Everybody tells us the flaws inside us , rarely people talk about the inflaws. Unless until somebody tell us our negative , we won't be able to find them out!

----------


## Shana

> Hi guys,
> 
> 
> Non of us is perfect in this world.We have our own flaws which holds us back .Thus we must always know our good and bad sides,accept them and correct them.
> But only a few of us get a chance to know the exact problem or flaws which annoys or feels bad to others which we should definitely have to change.
> 
> 
> *How can we find the flaws in us? Care to share*


When it comes to others, we are easy to judge them. So I 'd say that putting us in a 3rd person's POV would give us a good judgement of who we are and all the plus and minuses.

----------


## Helena

> Everybody tells us the flaws inside us , rarely people talk about the inflaws. Unless until somebody tell us our negative , we won't be able to find them out!


That's the exact problem.Is there any way to get to know our in flaws from those around us??

----------


## Helena

> When it comes to others, we are easy to judge them. So I 'd say that putting us in a 3rd person's POV would give us a good judgement of who we are and all the plus and minuses.

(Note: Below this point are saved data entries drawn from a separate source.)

(* Let $R$ be a field having an element of infinite multiplicative order, and let $L\subseteq R[x]$ be the set of polynomials of degree $1$. Then every $\ell\in L$ is $2$-connected with $x$ through $L$, and consequently any two elements of $L$ are $4$-connected through $L$.
   Context: For a ring $S$ and $\ell,\ell'\in S$, $\ell\sim\ell'$ (1-connected) means: for all positive integers $m,n$ with $(\ell-\ell')\mid(\ell^m-(\ell')^n)$ we have $m=n$ (this relation is symmetric). $\ell$ and $\ell'$ are $k$-connected through a subset $T\subseteq S$ if there are $l_0,\dots,l_k\in S$ with $l_0=\ell$, $l_k=\ell'$, $l_1,\dots,l_{k-1}\in T$, and $l_{i-1}\sim l_i$ for $i=1,\dots,k$. *)

theory Defs
  imports "HOL-Computational_Algebra.Polynomial"
begin

definition one_connected :: "'a::comm_ring_1 \<Rightarrow> 'a \<Rightarrow> bool" where
  "one_connected l l' \<longleftrightarrow>
     (\<forall>m n::nat. 0 < m \<longrightarrow> 0 < n \<longrightarrow> (l - l') dvd (l ^ m - l' ^ n) \<longrightarrow> m = n)"

definition k_connected_through :: "nat \<Rightarrow> 'a::comm_ring_1 set \<Rightarrow> 'a \<Rightarrow> 'a \<Rightarrow> bool" where
  "k_connected_through k T l l' \<longleftrightarrow>
     (\<exists>c :: nat \<Rightarrow> 'a. c 0 = l \<and> c k = l' \<and> (\<forall>i. 0 < i \<and> i < k \<longrightarrow> c i \<in> T) \<and>
        (\<forall>i. 1 \<le> i \<and> i \<le> k \<longrightarrow> one_connected (c (i - 1)) (c i)))"

end

theory Submission
  imports Defs
begin

text \<open>If \<open>a\<close> has infinite multiplicative order, two polynomials taking the common value \<open>a\<close> at a
  common point are 1-connected: evaluating \<open>(p - q) dvd (p ^ m - q ^ n)\<close> there gives
  \<open>a ^ m = a ^ n\<close>, hence \<open>m = n\<close>. A line \<open>\<ell>\<close> takes the value \<open>a\<close> at some point \<open>s\<close>; choosing
  \<open>r \<in> {a\<^sup>2, a\<^sup>3}\<close> with \<open>r \<noteq> s\<close>, the line through \<open>(s, a)\<close> and \<open>(r, r)\<close> is 1-connected both to \<open>\<ell>\<close>
  and to \<open>x\<close>. Concatenating such a chain with the reversed chain of another line gives 4-connectedness.\<close>

definition infinite_order :: "'a::idom \<Rightarrow> bool" where
  "infinite_order a \<longleftrightarrow> a \<noteq> 0 \<and> (\<forall>n::nat. 0 < n \<longrightarrow> a ^ n \<noteq> 1)"

lemma infinite_order_power:
  assumes "infinite_order a" "0 < k"
  shows "infinite_order (a ^ k)"
  using assms by (auto simp: infinite_order_def power_mult[symmetric])

lemma infinite_order_power_eq_iff:
  assumes "infinite_order a"
  shows "a ^ m = a ^ n \<longleftrightarrow> m = n"
proof
  have cancel: "m' = n'" if "m' \<le> n'" "a ^ m' = a ^ n'" for m' n'
  proof -
    have "a ^ m' * a ^ (n' - m') = a ^ m' * 1"
      using that by (metis le_add_diff_inverse mult_1_right power_add)
    then have "a ^ (n' - m') = 1"
      using assms by (simp add: infinite_order_def)
    then have "\<not> 0 < n' - m'"
      using assms by (auto simp: infinite_order_def)
    then show "m' = n'"
      using that(1) by simp
  qed
  show "m = n" if "a ^ m = a ^ n"
    using cancel[of m n] cancel[of n m] that by (cases "m \<le> n") auto
qed simp

lemma one_connected_sym:
  fixes l l' :: "'a::comm_ring_1"
  assumes "one_connected l l'"
  shows "one_connected l' l"
  unfolding one_connected_def
proof (intro allI impI)
  fix m n :: nat
  assume "0 < m" "0 < n" "(l' - l) dvd (l' ^ m - l ^ n)"
  then have "(l - l') dvd (l ^ n - l' ^ m)"
    by (metis dvd_minus_iff minus_diff_eq minus_dvd_iff)
  with assms \<open>0 < m\<close> \<open>0 < n\<close> show "m = n"
    unfolding one_connected_def by blast
qed

lemma one_connected_if_poly_eq:
  fixes p q :: "'a::idom poly"
  assumes "poly p r = a" "poly q r = a" "infinite_order a"
  shows "one_connected p q"
  unfolding one_connected_def
proof (intro allI impI)
  fix m n :: nat
  assume "(p - q) dvd (p ^ m - q ^ n)"
  then obtain g where "p ^ m - q ^ n = (p - q) * g" ..
  then have "poly (p ^ m - q ^ n) r = 0"
    using assms(1,2) by simp
  then have "a ^ m = a ^ n"
    using assms(1,2) by (simp add: poly_power)
  then show "m = n"
    using infinite_order_power_eq_iff[OF assms(3)] by blast
qed

lemma degree_one_poly_surj:
  fixes l :: "'a::field poly" and a :: 'a
  assumes "degree l = 1"
  shows "\<exists>s. poly l s = a"
proof -
  obtain b c where "l = [:b, c:]" "c \<noteq> 0"
    using degree1_coeffs[OF assms] .
  then have "poly l ((a - b) / c) = a"
    by simp
  then show ?thesis ..
qed

lemma exists_degree_one_poly_through:
  fixes s r u v :: "'a::field"
  assumes "s \<noteq> r" "u \<noteq> v"
  shows "\<exists>m. degree m = 1 \<and> poly m s = u \<and> poly m r = v"
proof -
  define c where "c = (v - u) / (r - s)"
  have "c \<noteq> 0" "c * (r - s) = v - u"
    using assms by (simp_all add: c_def)
  then have "degree [:u - c * s, c:] = 1 \<and> poly [:u - c * s, c:] s = u
      \<and> poly [:u - c * s, c:] r = v"
    by (simp add: algebra_simps)
  then show ?thesis ..
qed

lemma exists_degree_one_one_connected_to_x:
  fixes l :: "'a::field poly" and a :: 'a
  assumes "infinite_order a" "degree l = 1"
  shows "\<exists>m. degree m = 1 \<and> one_connected l m \<and> one_connected m [:0, 1:]"
proof -
  obtain s where s: "poly l s = a"
    using degree_one_poly_surj[OF assms(2)] ..
  have "a ^ 2 \<noteq> a ^ 3" "a ^ 2 \<noteq> a ^ 1" "a ^ 3 \<noteq> a ^ 1"
    by (simp_all only: infinite_order_power_eq_iff[OF assms(1)])
  moreover have "infinite_order (a ^ 2)" "infinite_order (a ^ 3)"
    using infinite_order_power[OF assms(1)] by simp_all
  moreover obtain r where "r \<in> {a ^ 2, a ^ 3}" "r \<noteq> s"
    using \<open>a ^ 2 \<noteq> a ^ 3\<close> by blast
  ultimately have r: "r \<noteq> s" "r \<noteq> a" "infinite_order r"
    by auto
  obtain m where m: "degree m = 1" "poly m s = a" "poly m r = r"
    using exists_degree_one_poly_through[OF r(1)[symmetric] r(2)[symmetric]] by blast
  have "one_connected l m"
    using one_connected_if_poly_eq[OF s m(2) assms(1)] .
  moreover have "one_connected m [:0, 1:]"
    using one_connected_if_poly_eq[OF m(3) _ r(3)] by simp
  ultimately show ?thesis
    using m(1) by blast
qed

lemma k_connected_through_one:
  "one_connected l l' \<Longrightarrow> k_connected_through 1 T l l'"
  unfolding k_connected_through_def
  by (rule exI[of _ "\<lambda>i. if i = 0 then l else l'"]) auto

lemma k_connected_through_sym:
  assumes "k_connected_through k T l l'"
  shows "k_connected_through k T l' l"
proof -
  obtain c where c: "c 0 = l" "c k = l'" "\<And>i. 0 < i \<and> i < k \<Longrightarrow> c i \<in> T"
    "\<And>i. 1 \<le> i \<and> i \<le> k \<Longrightarrow> one_connected (c (i - 1)) (c i)"
    using assms unfolding k_connected_through_def by blast
  have "one_connected (c (k - (i - 1))) (c (k - i))" if "1 \<le> i \<and> i \<le> k" for i
    using c(4)[of "k - i + 1"] that by (auto intro: one_connected_sym simp: Suc_diff_le)
  moreover have "c (k - i) \<in> T" if "0 < i \<and> i < k" for i
    using c(3)[of "k - i"] that by simp
  ultimately show ?thesis
    unfolding k_connected_through_def using c(1,2)
    by (intro exI[of _ "\<lambda>i. c (k - i)"]) auto
qed

lemma k_connected_through_trans:
  assumes "k_connected_through k T l l'" "k_connected_through j T l' l''" "l' \<in> T"
  shows "k_connected_through (k + j) T l l''"
proof -
  obtain c where c: "c 0 = l" "c k = l'" "\<And>i. 0 < i \<and> i < k \<Longrightarrow> c i \<in> T"
    "\<And>i. 1 \<le> i \<and> i \<le> k \<Longrightarrow> one_connected (c (i - 1)) (c i)"
    using assms(1) unfolding k_connected_through_def by blast
  obtain d where d: "d 0 = l'" "d j = l''" "\<And>i. 0 < i \<and> i < j \<Longrightarrow> d i \<in> T"
    "\<And>i. 1 \<le> i \<and> i \<le> j \<Longrightarrow> one_connected (d (i - 1)) (d i)"
    using assms(2) unfolding k_connected_through_def by blast
  define e where "e i = (if i \<le> k then c i else d (i - k))" for i
  have "e (k + j) = l''"
    using c(2) d by (cases j) (auto simp: e_def)
  moreover have "e i \<in> T" if "0 < i \<and> i < k + j" for i
    using that c(2,3) d(3)[of "i - k"] assms(3) by (cases "i < k") (auto simp: e_def)
  moreover have "one_connected (e (i - 1)) (e i)" if "1 \<le> i \<and> i \<le> k + j" for i
  proof (cases "i \<le> k")
    case True
    then show ?thesis
      using that c(4) by (auto simp: e_def)
  next
    case False
    then have "e (i - 1) = d (i - k - 1)"
      using c(2) d(1) by (cases "i = Suc k") (auto simp: e_def)
    moreover have "1 \<le> i - k \<and> i - k \<le> j"
      using False that by linarith
    ultimately show ?thesis
      using False d(4)[of "i - k"] by (simp add: e_def)
  qed
  ultimately show ?thesis
    unfolding k_connected_through_def using c(1)
    by (intro exI[of _ e]) (auto simp: e_def)
qed

theorem theorem2p9:
  fixes L :: "'a::field poly set"
  assumes inf_order: "\<exists>a::'a. a \<noteq> 0 \<and> (\<forall>n::nat. 0 < n \<longrightarrow> a ^ n \<noteq> 1)"
    and L_def: "L = {p. degree p = 1}"
  shows "(\<forall>l\<in>L. k_connected_through 2 L l [:0, 1:]) \<and>
         (\<forall>l\<in>L. \<forall>l'\<in>L. k_connected_through 4 L l l')"
proof -
  obtain a :: 'a where a: "infinite_order a"
    using inf_order by (auto simp: infinite_order_def)
  have to_x: "k_connected_through 2 L l [:0, 1:]" if "l \<in> L" for l
  proof -
    obtain m where "m \<in> L" "one_connected l m" "one_connected m [:0, 1:]"
      using exists_degree_one_one_connected_to_x[OF a] \<open>l \<in> L\<close> L_def by blast
    then show ?thesis
      using k_connected_through_trans[OF k_connected_through_one k_connected_through_one]
      by (metis one_add_one)
  qed
  have "k_connected_through (2 + 2) L l l'" if "l \<in> L" "l' \<in> L" for l l'
    using k_connected_through_trans[OF to_x k_connected_through_sym[OF to_x]] that L_def
    by simp
  then show ?thesis
    using to_x by simp
qed

end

Point taken. Thank you for sharing the tips Shana. Hope it will workout

----------


## Bhavya

> Hi guys,
> 
> 
> Non of us is perfect in this world.We have our own flaws which holds us back .Thus we must always know our good and bad sides,accept them and correct them.
> But only a few of us get a chance to know the exact problem or flaws which annoys or feels bad to others which we should definitely have to change.
> 
> 
> *How can we find the flaws in us? Care to share*


As Shana said if we analyze our personality with the third person point of view we can easily find out our flaws.

----------


## Adiza

> Hi guys,
> 
> 
> Non of us is perfect in this world.We have our own flaws which holds us back .Thus we must always know our good and bad sides,accept them and correct them.
> But only a few of us get a chance to know the exact problem or flaws which annoys or feels bad to others which we should definitely have to change.
> 
> 
> *How can we find the flaws in us? Care to share*


Actually, we can easily find out our flaws. We have the process of comparing ourselves with others by nature. And some of our close circle can directly point out our flaws. It is not a big deal to handle your flaws. Never consider too much about any flaws you got by your birth. (Appearance, special talents). But if you find you have flaws in your behavior, then you put some effort to change it. At the same time, we can develop skills by practice. Anyways don't let your flaws hold you from loving your self.

----------


## Helena

> Actually, we can easily find out our flaws. We have the process of comparing ourselves with others by nature. And some of our close circle can directly point out our flaws. It is not a big deal to handle your flaws. Never consider too much about any flaws you got by your birth. (Appearance, special talents). But if you find you have flaws in your behavior, then you put some effort to change it. At the same time, we can develop skills by practice. Anyways don't let your flaws hold you from loving your self.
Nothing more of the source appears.